**EXERCISE MATERIALS:**
"""
(* Let $\zeta>0$ and $1\le k<d$, and let $\alpha_1\ge\cdots\ge\alpha_k>\zeta\ge\alpha_{k+1}\ge\cdots\ge\alpha_d\ge0$. Let $\beta_1,\dots,\beta_d$ be a permutation of $\alpha_1,\dots,\alpha_d$. Define $\alpha'_i=\alpha_i$ for $i\le k$ and $\alpha'_{k+1}=\zeta$, and let $L=\min\{k,\ln(\alpha_1/\zeta)\}$. Then \[ \sum_{i=1}^d(\sqrt{\alpha_i}-\sqrt{\beta_i})^2\le4\sum_{j=1}^k\frac{\alpha'_j-\alpha'_{j+1}}{\alpha'_j}\sum_{i=1}^j(\alpha_i-\beta_i)+d\zeta+8kL\zeta. \] *)

theory Defs
  imports "HOL-Analysis.Analysis"
begin

end

theory Submission
  imports Defs
begin

text \<open>
  Write \<open>S\<^sub>j = \<Sum>\<^sub>i\<^sub>\<le>\<^sub>j (\<alpha>\<^sub>i - \<beta>\<^sub>i)\<close>. For every threshold \<open>t\<close> with
  \<open>\<alpha>\<^sub>j\<^sub>+\<^sub>1 \<le> t \<le> \<alpha>\<^sub>j\<close> one has \<open>S\<^sub>j = \<Sum>\<^sub>i\<^sub>\<le>\<^sub>j (t - \<beta>\<^sub>i)\<^sup>+ + \<Sum>\<^sub>i\<^sub>>\<^sub>j (\<beta>\<^sub>i - t)\<^sup>+\<close>, because
  the \<open>\<alpha>\<^sub>i\<close> exceeding \<open>t\<close> are exactly the first \<open>j\<close> and the \<open>\<beta>\<^sub>i\<close> are a rearrangement
  of the \<open>\<alpha>\<^sub>i\<close>. Using this for \<open>t = \<alpha>\<^sub>j\<close> and \<open>t = \<alpha>'\<^sub>j\<^sub>+\<^sub>1\<close> turns the right-hand side
  into a sum over coordinates \<open>i\<close> of nonnegative hinge terms. For a fixed \<open>i\<close> these terms,
  weighted by \<open>(\<alpha>'\<^sub>j - \<alpha>'\<^sub>j\<^sub>+\<^sub>1)/\<alpha>'\<^sub>j\<close>, telescope to roughly
  \<open>(\<alpha>\<^sub>i - \<beta>\<^sub>i)\<^sup>2 / max \<alpha>\<^sub>i \<beta>\<^sub>i\<close>, which dominates \<open>(\<surd>\<alpha>\<^sub>i - \<surd>\<beta>\<^sub>i)\<^sup>2\<close>. The
  telescoping stops at the threshold \<open>\<zeta>\<close>; this costs at most \<open>\<zeta>\<close> per coordinate, plus
  \<open>L\<zeta>\<close> for each of the \<open>k\<close> coordinates with \<open>\<beta>\<^sub>i > \<zeta>\<close>: when moreover
  \<open>\<alpha>\<^sub>i \<le> \<zeta>\<close>, the missing part is \<open>\<zeta>(\<beta>\<^sub>i - \<zeta>)/\<beta>\<^sub>i\<close>, and
  \<open>(\<beta>\<^sub>i - \<zeta>)/\<beta>\<^sub>i \<le> min 1 (ln (\<beta>\<^sub>i/\<zeta>)) \<le> L\<close>.
\<close>

lemma sqrt_diff_square_le:
  fixes a x :: real
  assumes "0 \<le> x" "x \<le> a"
  shows "(sqrt a - sqrt x)^2 \<le> a"
proof -
  have "x = sqrt x * sqrt x" using assms by simp
  also have "\<dots> \<le> sqrt a * sqrt x" using assms by (intro mult_right_mono) auto
  finally have "x \<le> sqrt a * sqrt x" .
  moreover have "(sqrt a - sqrt x)^2 = a - 2 * (sqrt a * sqrt x) + x"
    using assms by (simp add: power2_eq_square algebra_simps)
  ultimately show ?thesis using assms by linarith
qed

lemma sqrt_diff_square_le_max:
  fixes a x :: real
  assumes "0 \<le> x" "0 \<le> a"
  shows "(sqrt a - sqrt x)^2 \<le> max a x"
  using sqrt_diff_square_le[of x a] sqrt_diff_square_le[of a x] assms
  by (cases "x \<le> a") (auto simp: power2_commute)

lemma sqrt_diff_square_le_quotient:
  fixes a x :: real
  assumes "0 \<le> x" "0 < a"
  shows "(sqrt a - sqrt x)^2 \<le> (a - x)^2 / a"
proof -
  have "(sqrt a - sqrt x)^2 * (sqrt a + sqrt x)^2 = (a - x)^2"
    using assms by (simp add: power_mult_distrib[symmetric] algebra_simps power2_eq_square)
  moreover have "a \<le> (sqrt a + sqrt x)^2" using assms by (simp add: power2_eq_square algebra_simps)
  ultimately have "(sqrt a - sqrt x)^2 * a \<le> (a - x)^2"
    by (metis mult_left_mono zero_le_power2)
  with assms show ?thesis by (simp add: field_simps)
qed

lemma sum_telescope:
  fixes F :: "nat \<Rightarrow> 'a::ab_group_add"
  assumes "m \<le> n + 1"
  shows "(\<Sum>j=m..n. F j - F (j + 1)) = F m - F (n + 1)"
  using sum_Suc_diff[of m n "\<lambda>j. - F j"] assms by simp

lemma sum_split_at:
  fixes f :: "nat \<Rightarrow> 'a::comm_monoid_add"
  assumes "j \<le> d"
  shows "(\<Sum>i=1..d. f i) = (\<Sum>i=1..j. f i) + (\<Sum>i=j+1..d. f i)"
  using sum.ub_add_nat[of 1 j f "d - j"] assms by simp

lemma square_hinge_below_step_le:
  fixes p q a x :: real
  assumes "0 < q" "q \<le> p" "p \<le> a"
  shows "((max 0 (p - x))^2 - (max 0 (q - x))^2) / (2 * a) \<le> (p - q) / p * max 0 (p - x)"
proof -
  define u u' where "u = max 0 (p - x)" and "u' = max 0 (q - x)"
  have u: "0 \<le> u'" "u' \<le> u" "u - u' \<le> p - q" using assms by (auto simp: u_def u'_def)
  have "u^2 - u'^2 = (u - u') * (u + u')" by (simp add: power2_eq_square algebra_simps)
  also have "\<dots> \<le> (p - q) * (2 * u)" using u by (intro mult_mono) auto
  finally have "u^2 - u'^2 \<le> (p - q) * (2 * u)" .
  then have "(u^2 - u'^2) / (2 * a) \<le> (p - q) * (2 * u) / (2 * a)"
    using assms by (intro divide_right_mono) auto
  also have "\<dots> = (p - q) * u / a" by simp
  also have "\<dots> \<le> (p - q) * u / p"
    using assms u by (intro divide_left_mono mult_nonneg_nonneg) auto
  finally show ?thesis by (simp add: u_def u'_def)
qed

lemma square_hinge_above_step_le:
  fixes p q x :: real
  assumes "0 < q" "q \<le> p" "0 < x"
  shows "((max 0 (x - q))^2 - (max 0 (x - p))^2) / (2 * x) \<le> (p - q) / p * max 0 (x - q)"
proof (cases "p \<le> x")
  case True
  define v v' where "v = x - p" and "v' = x - q"
  have v: "0 \<le> v" "v \<le> v'" "v' - v = p - q" using assms True by (auto simp: v_def v'_def)
  have "v'^2 - v^2 = (v' - v) * (v' + v)" by (simp add: power2_eq_square algebra_simps)
  also have "\<dots> \<le> (p - q) * (2 * v')" using v by (intro mult_mono) auto
  finally have "v'^2 - v^2 \<le> (p - q) * (2 * v')" .
  then have "(v'^2 - v^2) / (2 * x) \<le> (p - q) * (2 * v') / (2 * x)"
    using assms by (intro divide_right_mono) auto
  also have "\<dots> = (p - q) * v' / x" by simp
  also have "\<dots> \<le> (p - q) * v' / p"
    using assms v True by (intro divide_left_mono mult_nonneg_nonneg) auto
  finally show ?thesis using True assms by (simp add: v_def v'_def)
next
  case False
  show ?thesis
  proof (cases "q < x")
    case True
    have "(x - q) / x \<le> (p - q) / p"
      using assms False by (simp add: field_simps)
    then have "(x - q) * ((x - q) / x) \<le> (x - q) * ((p - q) / p)"
      using True by (intro mult_left_mono) auto
    moreover have "(x - q)^2 / (2 * x) \<le> (x - q) * ((x - q) / x)"
      using assms by (simp add: power2_eq_square divide_left_mono)
    ultimately show ?thesis using True False by (simp add: mult.commute)
  qed (use False in simp)
qed

locale sqrt_rearrangement =
  fixes \<zeta> :: real and k d :: nat and \<alpha> \<beta> :: "nat \<Rightarrow> real" and \<sigma> :: "nat \<Rightarrow> nat"
  assumes zeta_pos: "\<zeta> > 0" and k_pos: "1 \<le> k" and k_less_d: "k < d"
    and alpha_antimono: "\<And>i j. 1 \<le> i \<Longrightarrow> i \<le> j \<Longrightarrow> j \<le> d \<Longrightarrow> \<alpha> j \<le> \<alpha> i"
    and alpha_k_gt: "\<alpha> k > \<zeta>" and alpha_Suc_k_le: "\<zeta> \<ge> \<alpha> (k + 1)" and alpha_d_nonneg: "\<alpha> d \<ge> 0"
    and \<sigma>_permutes: "\<sigma> permutes {1..d}" and \<beta>_eq: "\<And>i. \<beta> i = \<alpha> (\<sigma> i)"
begin

definition \<alpha>t :: "nat \<Rightarrow> real" where "\<alpha>t j = (if j \<le> k then \<alpha> j else \<zeta>)"
definition w :: "nat \<Rightarrow> real" where "w j = (\<alpha>t j - \<alpha>t (j + 1)) / \<alpha>t j"
definition L :: real where "L = min (real k) (ln (\<alpha> 1 / \<zeta>))"

definition hinge :: "nat \<Rightarrow> real \<Rightarrow> nat \<Rightarrow> real" where
  "hinge j t i = (if i \<le> j then max 0 (t - \<beta> i) else max 0 (\<beta> i - t))"

definition share :: "nat \<Rightarrow> real" where
  "share i = (\<Sum>j=1..k. 2 * w j * (hinge j (\<alpha> j) i + hinge j (\<alpha>t (j + 1)) i))"

lemma alpha_nonneg: "1 \<le> i \<Longrightarrow> i \<le> d \<Longrightarrow> 0 \<le> \<alpha> i"
  using alpha_antimono[of i d] alpha_d_nonneg by simp

lemma alpha_gt_zeta: "1 \<le> i \<Longrightarrow> i \<le> k \<Longrightarrow> \<zeta> < \<alpha> i"
  using alpha_antimono[of i k] alpha_k_gt k_less_d by simp

lemma alpha_le_zeta: "k < i \<Longrightarrow> i \<le> d \<Longrightarrow> \<alpha> i \<le> \<zeta>"
  using alpha_antimono[of "k + 1" i] alpha_Suc_k_le by simp

lemma \<sigma>_in_range: "i \<in> {1..d} \<Longrightarrow> \<sigma> i \<in> {1..d}"
  using permutes_in_image[OF \<sigma>_permutes] by blast

lemma beta_nonneg: "1 \<le> i \<Longrightarrow> i \<le> d \<Longrightarrow> 0 \<le> \<beta> i"
  using \<sigma>_in_range[of i] alpha_nonneg[of "\<sigma> i"] \<beta>_eq by auto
"""
**WHAT THE TASK REQUIRES:**
The required answer is the exact run of lines above starting at the line with "sqrt x)^2 = a" and ending at the line with "using assms by (simp add: power_mult_distrib[symmetric]", with both ends present.

**REPLY TO THE TASK:**
  moreover have "(sqrt a - sqrt x)^2 = a - 2 * (sqrt a * sqrt x) + x"
    using assms by (simp add: power2_eq_square algebra_simps)
  ultimately show ?thesis using assms by linarith
qed

lemma sqrt_diff_square_le_max:
  fixes a x :: real
  assumes "0 \<le> x" "0 \<le> a"
  shows "(sqrt a - sqrt x)^2 \<le> max a x"
  using sqrt_diff_square_le[of x a] sqrt_diff_square_le[of a x] assms
  by (cases "x \<le> a") (auto simp: power2_commute)

lemma sqrt_diff_square_le_quotient:
  fixes a x :: real
  assumes "0 \<le> x" "0 < a"
  shows "(sqrt a - sqrt x)^2 \<le> (a - x)^2 / a"
proof -
  have "(sqrt a - sqrt x)^2 * (sqrt a + sqrt x)^2 = (a - x)^2"
    using assms by (simp add: power_mult_distrib[symmetric] algebra_simps power2_eq_square)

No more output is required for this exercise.